And then there is Gaza. Netanyahu is still committed to a two-state solution and recent airstrikes there will only be justified by explaining that Hamas is a terrorist organization and has to be treated as such. Indeed, Netanyahu is expected to drive home the point that all the problems of the Middle East are down to fundamentalist terror groups, as well as Hezbollah and Iran.

However, Americans of his generation and political leaning struggle to see beyond Hezbollah’s attacks against Americans in the 80s in Beirut, thus branding the Lebanese group as 'terrorists’, and struggle even further with grasping that the Saudis and Qataris were the chief financial backers of ISIS and Al-Qaeda.

Netanyahu will not emphasize to Trump that US policy in recent years has worsened already complex situations in the region indirectly, and sometimes directly, by funding some Islamic groups fighting in Syria. It is an irony that will irk many in US politics that Obama, despite wanting to end the polarization of the Middle East, also sold over $100 billion worth of arms to the Saudi Arabian government which many argue it knew was supplying ISIS and Al-Qaeda with weapons in Syria.

Indeed, Syria may well be a subject which both men hold a different view on. According to reports in the Israeli press, Netanyahu wants ISIS to be destroyed and yet, to date, there is little to support that notion. The problem for Israel is that if ISIS is removed from the war demographic, then does that automatically mean more of the country covered by Assad's allies, namely Hezbollah?

Netanyahu would prefer the Lebanese militant group were not near his northern border and in particular the Golan Heights. He believes the way forward in Syria is to remove Assad, and ISIS and Al-Qaeda are at least playing a role in that process. Meanwhile, Trump wants to completely wipe out these hardcore Islamic groups and is seeking the support from Turkey in achieving that which then presents a new problem for Israel: if there are no more Islamic terror groups in Syria, then doesn't that strengthen Assad, Hezbollah and Iran?

Iran will be the center of the discussions.

Netanyahu is expected to get the assurances he needs that Trump really is the hawk he seems to be against the regime. Trump's key aides with regards to Iran, his Defense chief James Mattis, would like – like Netanyahu – nothing more than to bomb Iran, along with Steve Bannon, probably his closest adviser.

In recent years, however, mainly due to Iran expanding its presence in the region, but also due to Obama's war on ISIS in Iraq, where Iran provides many of the militias, things have got complicated. Now, Iran is well placed to hit US servicemen if the US were to attack its military in any way, which will have economic implications as well as political ones.

“In order to confront Iran or push back more fiercely against it, you may find you’re in a conflict far more far-reaching and more destructive to the global economy than many of our allies or American public are willing to bear,”said Nicholas Heras of the Center for a New American Security in the Washington Post recently.

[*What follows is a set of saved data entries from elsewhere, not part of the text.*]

lemma card_mult_less_sum:
  fixes f :: "'a \<Rightarrow> real"
  assumes "finite B" "A \<subseteq> B" "A \<noteq> {}" "\<forall>x\<in>A. t < f x" "\<forall>x\<in>B. 0 \<le> f x"
  shows "real (card A) * t < (\<Sum>x\<in>B. f x)"
proof -
  have "finite A"
    using assms(1,2) by (rule finite_subset[rotated])
  have "real (card A) * t = (\<Sum>x\<in>A. t)"
    by simp
  also have "\<dots> < (\<Sum>x\<in>A. f x)"
    using \<open>finite A\<close> assms(3,4) by (intro sum_strict_mono) auto
  also have "\<dots> \<le> (\<Sum>x\<in>B. f x)"
    using assms by (intro sum_mono2) auto
  finally show ?thesis .
qed

lemma card_above_threshold_outside_far_le:
  fixes W P T :: "'a::linorder set"
  assumes W: "finite W" "P \<subseteq> W"
    and radii: "0 \<le> rc" "rc + 5 / 2 * z + 1 \<le> rd" "rp \<le> a / 2 * rc" and "0 < z"
    and Fc_wr: "far_trivial rc W \<or> well_represented W P (far \<rho> rc W T)"
    and Bs: "linear_bin_division \<rho> z (W - far \<rho> rc W T) T Bs"
    and Bs_wr: "bin_division_trivial z (W - far \<rho> rc W T) \<or> bins_well_represented W P Bs"
    and a: "0 < a" "a \<le> real (card P) / real (card W)"
    and "0 \<le> s" "0 \<le> t" and nonneg: "\<forall>x\<in>P. 0 \<le> distT \<rho> x T"
    and cost: "RR \<rho> (P - far \<rho> rp P T) T \<le> 3 * a * s * t"
  shows "real (card {x \<in> W - far \<rho> rd W T. t < distT \<rho> x T}) \<le> 9 * s"
proof (rule ccontr)
  let ?Fc = "far \<rho> rc W T"
  assume "\<not> ?thesis"
  then obtain Q where Q: "Q \<subseteq> W - ?Fc" "\<forall>x\<in>Q. t < distT \<rho> x T" "3 * a * s < real (card (Q \<inter> P))"
    using represented_subset_above_threshold[OF W radii(1,2) \<open>0 < z\<close> Bs Bs_wr a \<open>0 \<le> s\<close>, of t]
    by (auto simp: not_le)
  have "Q \<inter> P \<noteq> {}"
  proof
    assume "Q \<inter> P = {}"
    with Q(3) mult_nonneg_nonneg[OF less_imp_le[OF a(1)] \<open>0 \<le> s\<close>] show False
      by simp
  qed
  then obtain x where "x \<in> W - ?Fc"
    using Q(1) by blast
  then have "rc \<le> real (card W)"
    using le_card_if_notin_far[of x W] by blast
  then have "well_represented W P ?Fc"
    using Fc_wr unfolding far_trivial_def by linarith
  then have "a / 2 * real (card ?Fc) \<le> real (card (?Fc \<inter> P))"
    using well_represented_card_ge[OF _ a(2)] by simp
  moreover have "rc \<le> real (card ?Fc)"
    unfolding card_far[OF W(1) \<open>rc \<le> real (card W)\<close>] by (rule real_nat_ceiling_ge)
  then have "a / 2 * rc \<le> a / 2 * real (card ?Fc)"
    using a(1) by (intro mult_left_mono) auto
  ultimately have "rp \<le> real (card (?Fc \<inter> P))"
    using radii(3) by linarith
  then have "x \<notin> far \<rho> rp P T" if "x \<in> Q \<inter> P" for x
    using that Q(1) by (intro notin_far_of_subset[OF W]) auto
  then have "Q \<inter> P \<subseteq> P - far \<rho> rp P T"
    by blast
  moreover have "finite P"
    using W by (rule finite_subset[rotated])
  ultimately have "real (card (Q \<inter> P)) * t < RR \<rho> (P - far \<rho> rp P T) T"
    unfolding RR_def using \<open>Q \<inter> P \<noteq> {}\<close> Q(2) nonneg by (intro card_mult_less_sum) auto
  moreover have "3 * a * s * t \<le> real (card (Q \<inter> P)) * t"
    using Q(3) \<open>0 \<le> t\<close> by (intro mult_right_mono) auto
  ultimately show False
    using cost by linarith
qed

lemma distT_nonneg:
  assumes "finite_metric X \<rho>" "T \<subseteq> X" "T \<noteq> {}" "x \<in> X"
  shows "0 \<le> distT \<rho> x T"
proof -
  have "finite T"
    using assms(1,2) finite_subset unfolding finite_metric_def by blast
  then show ?thesis
    using assms unfolding distT_def finite_metric_def by (subst Min_ge_iff) auto
qed

lemma one_le_phi:
  assumes "1 \<le> k" "0 < \<delta>" "\<delta> \<le> 1" "0 < \<alpha>" "\<alpha> \<le> 150"
  shows "1 \<le> phi k \<delta> \<alpha>"
proof -
  have "exp 1 * \<delta> \<le> exp 1"
    using assms(3) by (simp add: mult_left_le)
  also have "\<dots> \<le> 32 * real k"
    using exp_le assms(1) by simp
  finally have "exp 1 \<le> 32 * real k / \<delta>"
    using assms(2) by (simp add: le_divide_eq)
  then have "1 \<le> ln (32 * real k / \<delta>)"
    using assms(1,2) by (subst ln_ge_iff) auto
  then show ?thesis
    using assms(4,5) unfolding phi_def by (simp add: le_divide_eq)
qed

lemma card_ratio_Diff:
  assumes "finite X" "X \<noteq> {}" "P \<subseteq> X" "real (card P) = \<alpha> * real (card X)" "\<alpha> < 1"
    and "real (card A) = c * real (card X)"
  shows "real (card A) / real (card (X - P)) = c / (1 - \<alpha>)"
proof -
  have "real (card (X - P)) = (1 - \<alpha>) * real (card X)"
    using card_Diff_subset[OF finite_subset[OF assms(3,1)] assms(3)] card_mono[OF assms(1,3)] assms(4)
    by (simp add: of_nat_diff algebra_simps)
  moreover have "0 < real (card X)"
    using assms(1,2) by (simp add: card_gt_0_iff)
  ultimately show ?thesis
    using assms(5,6) by simp
qed

lemma card_filter_le_far_split:
  assumes "finite W" "A \<subseteq> W"
  shows "card {x\<in>A. Q x} \<le> card (F \<inter> A) + card {x \<in> W - F. Q x}"
proof -
  have "card {x\<in>A. Q x} \<le> card ((F \<inter> A) \<union> {x \<in> W - F. Q x})"
    using assms by (intro card_mono) (auto intro: finite_subset)
  also have "\<dots> \<le> card (F \<inter> A) + card {x \<in> W - F. Q x}"
    by (rule card_Un_le)
  finally show ?thesis .
qed
(* Let $T\in L_{aut}(\mathcal B)$ be generalized hyperbolic. Then either $\overline{B(T)}=\mathcal B$, or $T$ has a hyperbolic component. More precisely, if $\overline{B(T)}\neq\mathcal B$ then the map induced by $T$ on the quotient space $\mathcal B/\overline{B(T)}$ is hyperbolic.
   Context: $\mathcal B$ is a Banach space. $T$ is generalized hyperbolic if there is a decomposition $\mathcal B=E^-\oplus E^+$ into complementary closed subspaces with $T(E^+)\subset E^+$, $T^{-1}(E^-)\subset E^-$, and $T|_{E^+}$, $T^{-1}|_{E^-}$ uniform contractions. The bounded set $B(T)$ is the set of $x$ for which there exist $K>0$ and strictly increasing sequences of positive integers $(k_n),(m_n)$ with $|T^{k_n}x|<K$ and $|T^{-m_n}x|<K$; for generalized hyperbolic $T$, $\overline{B(T)}$ is a closed subspace with $T(\overline{B(T)})=\overline{B(T)}$. An operator is hyperbolic if its spectrum does not meet the unit circle. $T$ has a hyperbolic component if there is a closed subspace $F\ne\mathcal B$ with $T(F)=F$ such that the induced map on $\mathcal B/F$ is hyperbolic. *)

theory Defs
  imports "HOL-Analysis.Analysis"
begin

text \<open>Real Banach space 'a (a complex Banach space is in particular a real one).
  L_aut: bounded linear bijections (bounded inverse then automatic, but stated too).\<close>
definition laut :: "('a::banach \<Rightarrow> 'a) \<Rightarrow> bool" where
  "laut T \<longleftrightarrow> bounded_linear T \<and> bij T \<and> bounded_linear (inv T)"

definition uniform_contraction_on :: "'a set \<Rightarrow> ('a::real_normed_vector \<Rightarrow> 'a) \<Rightarrow> bool" where
  "uniform_contraction_on E S \<longleftrightarrow>
     (\<exists>C t. C > 0 \<and> 0 < t \<and> t < 1 \<and>
        (\<forall>n. \<forall>x\<in>E. norm ((S ^^ n) x) \<le> C * t ^ n * norm x))"

definition generalized_hyperbolic :: "('a::banach \<Rightarrow> 'a) \<Rightarrow> bool" where
  "generalized_hyperbolic T \<longleftrightarrow>
     (\<exists>Em Ep. closed Em \<and> closed Ep \<and> subspace Em \<and> subspace Ep \<and>
        Em \<inter> Ep = {0} \<and> (\<forall>z. \<exists>u\<in>Em. \<exists>v\<in>Ep. z = u + v) \<and>
        T ` Ep \<subseteq> Ep \<and> inv T ` Em \<subseteq> Em \<and>
        uniform_contraction_on Ep T \<and> uniform_contraction_on Em (inv T))"

definition bounded_set :: "('a::banach \<Rightarrow> 'a) \<Rightarrow> 'a set" where
  "bounded_set T = {x. \<exists>K>0. \<exists>k m :: nat \<Rightarrow> nat.
      strict_mono k \<and> strict_mono m \<and> (\<forall>n. k n > 0 \<and> m n > 0) \<and>
      (\<forall>n. norm ((T ^^ k n) x) < K \<and> norm ((inv T ^^ m n) x) < K)}"

text \<open>The operator induced by T on the quotient B/F (F a closed T-invariant subspace) is
  hyperbolic: no lambda = a + i b with |lambda| = 1 lies in its spectrum. The spectrum is
  taken for the complexification (B/F) x (B/F), on which T - lambda acts as
  (x,y) |-> (T x - a x + b y, T y - b x - a y); lambda is not in the spectrum iff this
  induced map is bijective on the quotient (bounded inverse is then automatic by the
  open mapping theorem, B/F being Banach).\<close>
definition quotient_hyperbolic :: "('a::banach \<Rightarrow> 'a) \<Rightarrow> 'a set \<Rightarrow> bool" where
  "quotient_hyperbolic T F \<longleftrightarrow>
     (\<forall>a b::real. a\<^sup>2 + b\<^sup>2 = 1 \<longrightarrow>
        (\<forall>x y. T x - a *\<^sub>R x + b *\<^sub>R y \<in> F \<and> T y - b *\<^sub>R x - a *\<^sub>R y \<in> F
               \<longrightarrow> x \<in> F \<and> y \<in> F) \<and>
        (\<forall>u v. \<exists>x y. T x - a *\<^sub>R x + b *\<^sub>R y - u \<in> F \<and> T y - b *\<^sub>R x - a *\<^sub>R y - v \<in> F))"
lemma beta_sum_Suc:
  assumes "\<And>n. \<bar>f n\<bar> \<le> 1"
  shows "beta_sum f = (f 0 + beta_sum (\<lambda>n. f (Suc n))) / \<beta>"
proof -
  have "beta_sum (\<lambda>n. f (Suc n)) / \<beta> = (\<Sum>n. f (Suc n) / \<beta> ^ Suc n / \<beta>)"
    unfolding beta_sum_def by (rule suminf_divide[symmetric], rule summable_beta_sum) (rule assms)
  also have "\<dots> = beta_sum f - f 0 / \<beta>"
    using suminf_split_head[OF summable_beta_sum[OF assms]] by (simp add: beta_sum_def mult.commute)
  finally show ?thesis using beta_gt_1 by (simp add: field_simps)
qed

lemma beta_sum_add:
  assumes "\<And>n. \<bar>f n\<bar> \<le> 1" "\<And>n. \<bar>g n\<bar> \<le> 1"
  shows "beta_sum f + beta_sum g = beta_sum (\<lambda>n. f n + g n)"
  unfolding beta_sum_def
  using suminf_add[OF summable_beta_sum[OF assms(1)] summable_beta_sum[OF assms(2)]]
  by (simp add: add_divide_distrib)

lemma expansion_in_S_beta: "expansion b \<in> S_beta \<beta>"
proof -
  have "beta_sum (\<lambda>n. fst (qv (b n))) + beta_sum (\<lambda>n. snd (qv (b n))) \<le> 1 / (\<beta> - 1)"
    by (subst beta_sum_add) (auto intro!: beta_sum_bounds simp: qv_def)
  then show ?thesis
    by (auto simp: expansion_def S_beta_def qv_simps intro!: beta_sum_bounds)
qed

lemma expansion_sshift:
  "expansion (sshift b)
     = (\<beta> * fst (expansion b) - fst (qv (b 0)), \<beta> * snd (expansion b) - snd (qv (b 0)))"
  using beta_gt_1
    beta_sum_Suc[of "\<lambda>n. fst (qv (b n))"] beta_sum_Suc[of "\<lambda>n. snd (qv (b n))"]
  by (simp add: expansion_def sshift_def qv_simps)

lemma expansion_split:
  "fst (expansion b) = (\<Sum>i<n. fst (qv (b i)) / \<beta> ^ Suc i) + fst (expansion ((sshift ^^ n) b)) / \<beta> ^ n"
  "snd (expansion b) = (\<Sum>i<n. snd (qv (b i)) / \<beta> ^ Suc i) + snd (expansion ((sshift ^^ n) b)) / \<beta> ^ n"
proof (induction n)
  case (Suc n)
  have "expansion ((sshift ^^ n) b) =
      ((fst (qv (b n)) + fst (expansion ((sshift ^^ Suc n) b))) / \<beta>,
       (snd (qv (b n)) + snd (expansion ((sshift ^^ Suc n) b))) / \<beta>)"
    using expansion_sshift[of "(sshift ^^ n) b"] beta_gt_1
    by (simp add: funpow_sshift_apply field_simps)
  then show "fst (expansion b) = (\<Sum>i<Suc n. fst (qv (b i)) / \<beta> ^ Suc i)
      + fst (expansion ((sshift ^^ Suc n) b)) / \<beta> ^ Suc n"
    "snd (expansion b) = (\<Sum>i<Suc n. snd (qv (b i)) / \<beta> ^ Suc i)
      + snd (expansion ((sshift ^^ Suc n) b)) / \<beta> ^ Suc n"
    using Suc.IH by (simp_all add: add_divide_distrib del: funpow.simps)
qed simp_all

lemma expansion_sum_le_of_zeros:
  assumes "\<forall>i<m. b i = 0"
  shows "fst (expansion b) + snd (expansion b) \<le> 1 / (\<beta> - 1) / \<beta> ^ m"
proof -
  obtain X Y where XY: "expansion ((sshift ^^ m) b) = (X, Y)" by fastforce
  have "fst (expansion b) = X / \<beta> ^ m" "snd (expansion b) = Y / \<beta> ^ m"
    using expansion_split[of b m] assms unfolding XY by (simp_all add: qv_def)
  moreover have "X + Y \<le> 1 / (\<beta> - 1)"
    using expansion_in_S_beta[of "(sshift ^^ m) b"] unfolding XY by (simp add: S_beta_def)
  ultimately show ?thesis
    using divide_right_mono[of "X + Y" "1 / (\<beta> - 1)" "\<beta> ^ m"] beta_gt_1
    by (simp add: add_divide_distrib)
qed

lemma S_beta_orbit_unique:
  assumes "\<And>n. u n \<in> S_beta \<beta>" "\<And>n. v n \<in> S_beta \<beta>"
    and "\<And>n. u (Suc n) = (\<beta> * fst (u n) - fst (c n), \<beta> * snd (u n) - snd (c n))"
    and "\<And>n. v (Suc n) = (\<beta> * fst (v n) - fst (c n), \<beta> * snd (v n) - snd (c n))"
  shows "u 0 = v 0"
proof -
  have zero_if_bounded: "d = 0" if "\<And>n. \<bar>\<beta> ^ n * d\<bar> \<le> 1 / (\<beta> - 1)" for d
  proof (rule ccontr)
    assume "d \<noteq> 0"
    obtain n where "1 / (\<beta> - 1) / \<bar>d\<bar> < \<beta> ^ n" using real_arch_pow[OF beta_gt_1] by blast
    then have "1 / (\<beta> - 1) < \<bar>\<beta> ^ n * d\<bar>"
      using \<open>d \<noteq> 0\<close> beta_gt_1 by (simp add: divide_less_eq abs_mult mult_ac)
    then show False using that[of n] by simp
  qed
  have diff: "fst (u n) - fst (v n) = \<beta> ^ n * (fst (u 0) - fst (v 0))"
    "snd (u n) - snd (v n) = \<beta> ^ n * (snd (u 0) - snd (v 0))" for n
  proof -
    have "fst (u (Suc n)) - fst (v (Suc n)) = \<beta> * (fst (u n) - fst (v n))"
      "snd (u (Suc n)) - snd (v (Suc n)) = \<beta> * (snd (u n) - snd (v n))" for n
      by (simp_all add: assms(3,4) algebra_simps)
    then show "fst (u n) - fst (v n) = \<beta> ^ n * (fst (u 0) - fst (v 0))"
      "snd (u n) - snd (v n) = \<beta> ^ n * (snd (u 0) - snd (v 0))"
      by (induction n) (simp_all add: mult.assoc)
  qed
  have "\<bar>fst (u n) - fst (v n)\<bar> \<le> 1 / (\<beta> - 1)" "\<bar>snd (u n) - snd (v n)\<bar> \<le> 1 / (\<beta> - 1)" for n
    using assms(1,2)[of n] by (auto simp: S_beta_def split: prod.splits)
  then have "fst (u 0) - fst (v 0) = 0" "snd (u 0) - snd (v 0) = 0"
    by (intro zero_if_bounded; simp only: diff[symmetric])+
  then show ?thesis by (simp add: prod_eq_iff)
qed
theorem mainTheorem12:
  fixes s :: "nat \<Rightarrow> ('loc, 'lab, 'var) net" and a :: "nat \<Rightarrow> ('loc, 'lab) act" and len :: enat
  assumes "wf_net (s 0)" and "is_path s a len"
  shows "(SG_fair s a len \<longleftrightarrow> SC_fair s a len) \<and> (WC_fair s a len \<longrightarrow> WG_fair s a len)"
  using SG_fair_imp_SC_fair[OF assms] SC_fair_imp_SG_fair[OF assms(2)]
    WC_fair_imp_WG_fair[OF assms(2)] by blast

end
lemma covers_pair_le_total:
  assumes "distinct (leaves t)" "transversal t P" "transversal t Q" "\<not> cross P Q" "\<not> cross Q P"
    and "covers t P a b" "covers t Q a b"
  shows "pair_le P Q \<or> pair_le Q P"
proof -
  obtain u v u' v' where P: "P = {u, v}" "a \<in> leafset t u" "b \<in> leafset t v"
    and Q: "Q = {u', v'}" "a \<in> leafset t u'" "b \<in> leafset t v'"
    using assms(6,7) unfolding covers_def by blast
  have "prefix u u' \<or> prefix u' u"
    using leafset_comparable[OF assms(1) transversalD(1)[OF assms(2) P(1)]
        transversalD(1)[OF assms(3) Q(1)] P(2) Q(2)] .
  moreover have "prefix v v' \<or> prefix v' v"
    using leafset_comparable[OF assms(1) transversalD(2)[OF assms(2) P(1)]
        transversalD(2)[OF assms(3) Q(1)] P(3) Q(3)] .
  moreover have "\<not> (strict_prefix u u' \<and> strict_prefix v' v)"
    and "\<not> (strict_prefix u' u \<and> strict_prefix v v')"
    using assms(4,5) P(1) Q(1) unfolding cross_def by blast+
  ultimately have "(prefix u u' \<and> prefix v v') \<or> (prefix u' u \<and> prefix v' v)"
    unfolding strict_prefix_def by blast
  then show ?thesis
    using P(1) Q(1) pair_leI by blast
qed

lemma pair_le_sum_length:
  assumes "transversal t P" "transversal t Q" "pair_le P Q"
  shows "sum length P \<le> sum length Q" and "sum length Q \<le> sum length P \<Longrightarrow> P = Q"
proof -
  obtain u v u' v' where uv: "P = {u, v}" "Q = {u', v'}" "prefix u u'" "prefix v v'"
    using assms(3) unfolding pair_le_def by blast
  have "u \<noteq> v" "u' \<noteq> v'"
    using transversalD(3)[OF assms(1) uv(1)] transversalD(3)[OF assms(2) uv(2)] by auto
  then have sums: "sum length P = length u + length v" "sum length Q = length u' + length v'"
    using uv(1,2) by simp_all
  then show "sum length P \<le> sum length Q"
    using prefix_length_le[OF uv(3)] prefix_length_le[OF uv(4)] by simp
  assume "sum length Q \<le> sum length P"
  then have "\<not> strict_prefix u u'" "\<not> strict_prefix v v'"
    using sums prefix_length_less prefix_length_le[OF uv(3)] prefix_length_le[OF uv(4)]
    by fastforce+
  then show "P = Q"
    using uv unfolding strict_prefix_def by auto
qed

lemma pair_le_antisym:
  "transversal t P \<Longrightarrow> transversal t Q \<Longrightarrow> pair_le P Q \<Longrightarrow> pair_le Q P \<Longrightarrow> P = Q"
  using pair_le_sum_length by blast

(* A pair of maximal total length is the top: the pairs below two leaves form a chain, along
   which the total length strictly increases. *)
lemma top_cover_exists:
  assumes "distinct (leaves t)" "finite C" "\<forall>P \<in> C. transversal t P" "\<forall>P \<in> C. \<forall>Q \<in> C. \<not> cross P Q"
    and "P \<in> C" "covers t P a b"
  shows "\<exists>M. top_cover t C M a b"
proof -
  define D where "D = {P \<in> C. covers t P a b}"
  have "finite D" "D \<noteq> {}"
    using assms(2,5,6) unfolding D_def by auto
  then have "Max (sum length ` D) \<in> sum length ` D"
    by (intro Max_in) auto
  then obtain M where M: "M \<in> D" and M_max: "sum length M = Max (sum length ` D)"
    by auto
  have "pair_le Q M" if Q: "Q \<in> D" for Q
  proof -
    have MC: "M \<in> C" "covers t M a b" and QC: "Q \<in> C" "covers t Q a b"
      using M Q unfolding D_def by auto
    then have tr: "transversal t M" "transversal t Q"
      using assms(3) by blast+
    have "pair_le M Q \<or> pair_le Q M"
      using covers_pair_le_total[OF assms(1) tr] assms(4) MC QC by blast
    moreover have "sum length Q \<le> sum length M"
      using Q \<open>finite D\<close> M_max by simp
    then have "M = Q" if "pair_le M Q"
      using pair_le_sum_length(2)[OF tr that] by blast
    moreover obtain u v where "Q = {u, v}"
      using tr(2) unfolding transversal_def by blast
    ultimately show ?thesis
      using pair_leI[of u u v v] by blast
  qed
  then show ?thesis
    using M unfolding D_def top_cover_def by blast
qed

lemma pair_le_leaf_pair_iff:
  assumes "distinct (leaves t)" "transversal t P" "is_leaf_pos t w1" "is_leaf_pos t w2"
  shows "pair_le P {w1, w2} \<longleftrightarrow> covers t P (lbl t w1) (lbl t w2)"
proof
  assume "pair_le P {w1, w2}"
  then obtain u v where "P = {u, v}" "prefix u w1" "prefix v w2"
    unfolding pair_le_def doubleton_eq_iff by (metis insert_commute)
  moreover from this have "lbl t w1 \<in> leafset t u" "lbl t w2 \<in> leafset t v"
    using lbl_mem_leafset_iff[OF assms(1,3) transversalD(1)[OF assms(2)]]
      lbl_mem_leafset_iff[OF assms(1,4) transversalD(2)[OF assms(2)]] by blast+
  ultimately show "covers t P (lbl t w1) (lbl t w2)"
    unfolding covers_def by blast
next
  assume "covers t P (lbl t w1) (lbl t w2)"
  then obtain u v where "P = {u, v}" "lbl t w1 \<in> leafset t u" "lbl t w2 \<in> leafset t v"
    unfolding covers_def by blast
  then show "pair_le P {w1, w2}"
    using lbl_mem_leafset_iff[OF assms(1)] transversalD[OF assms(2)] assms(3,4) pair_leI by metis
qed

lemma top_cover_if_model_adj:
  assumes "distinct (leaves t)" "signed_tree_model t A B" "is_leaf_pos t w1" "is_leaf_pos t w2"
    and "model_adj A B w1 w2"
  shows "\<exists>P \<in> B. top_cover t (A \<union> B) P (lbl t w1) (lbl t w2)"
proof -
  have disj: "A \<inter> B = {}" and tr: "\<forall>P \<in> A \<union> B. transversal t P"
    and nc: "\<forall>P \<in> A \<union> B. \<forall>Q \<in> A \<union> B. \<not> cross P Q"
    using assms(2) unfolding signed_tree_model_def by blast+
  have le_iff: "pair_le P {w1, w2} \<longleftrightarrow> covers t P (lbl t w1) (lbl t w2)" if "P \<in> A \<union> B" for P
    using pair_le_leaf_pair_iff[OF assms(1) _ assms(3,4)] tr that by blast
  obtain P where P: "P \<in> B" "pair_le P {w1, w2}"
    and no_A: "\<not> (\<exists>Q \<in> A. pair_lt P Q \<and> pair_le Q {w1, w2})"
    using assms(5) unfolding model_adj_def by blast
  have P_covers: "covers t P (lbl t w1) (lbl t w2)"
    using le_iff P by blast
  then obtain M where M: "top_cover t (A \<union> B) M (lbl t w1) (lbl t w2)"
    using top_cover_exists[OF assms(1) finite_signed_tree_model[OF assms(2)] tr nc] P(1) by blast
  have "M \<notin> A"
  proof
    assume MA: "M \<in> A"
    have "pair_le P M"
      using M P(1) P_covers unfolding top_cover_def by blast
    moreover have "P \<noteq> M"
      using P(1) MA disj by blast
    moreover have "pair_le M {w1, w2}"
      using M le_iff unfolding top_cover_def by blast
    ultimately show False
      using no_A MA unfolding pair_lt_def by blast
  qed
  then show ?thesis
    using M unfolding top_cover_def by blast
qed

So, it is likely that both men will agree that a direct war with Iran is hard to envisage but a get-tough policy on the regime is more beguiling as a realistic policy to grasp.

Although Netanyahu still holds out hope to scrap the Iran deal, it is more likely that Trump will try and muster new international support to kick start a fresh set of non-nuclear sanctions while examining where a military initiative against Tehran could be carried out by proxies.

Of all the options to hit Iran, the most likely would be to plan a longer term strategy against Assad in Syria. Assad is the weakest link and the US could orchestrate and fund a new proxy war against him, with a view to destabilizing Iran. If Iranians don't trust Russia to stand by their side if the US attacked them, then the argument to consider attacking Assad would be stronger; Moscow's bond with Assad is often over-stated and Trump may ask Netanyahu for his views on whether Putin would consider a 'round edged' regime change in Syria plan as perhaps a trade-off with Trump removing Russia sanctions.

Could preparations to launch fresh assaults on the Assad regime be already under way? Congress signed off a bill to allow sales to Syrian rebels of surface-to-air missiles just a week before Obama left office. Could these 'MANPADS' have something to do with Trump's new 'safe zones' plan in Syria, which seem to be all about creating military zones with a 'no-fly zone' which needs to be protected? If he is serious about going ahead with this plan, which could potentially place Russia as an opponent, then he will certainly need support from regional allies who have impressive air forces, like Saudi Arabia, UAE, Turkey and Israel.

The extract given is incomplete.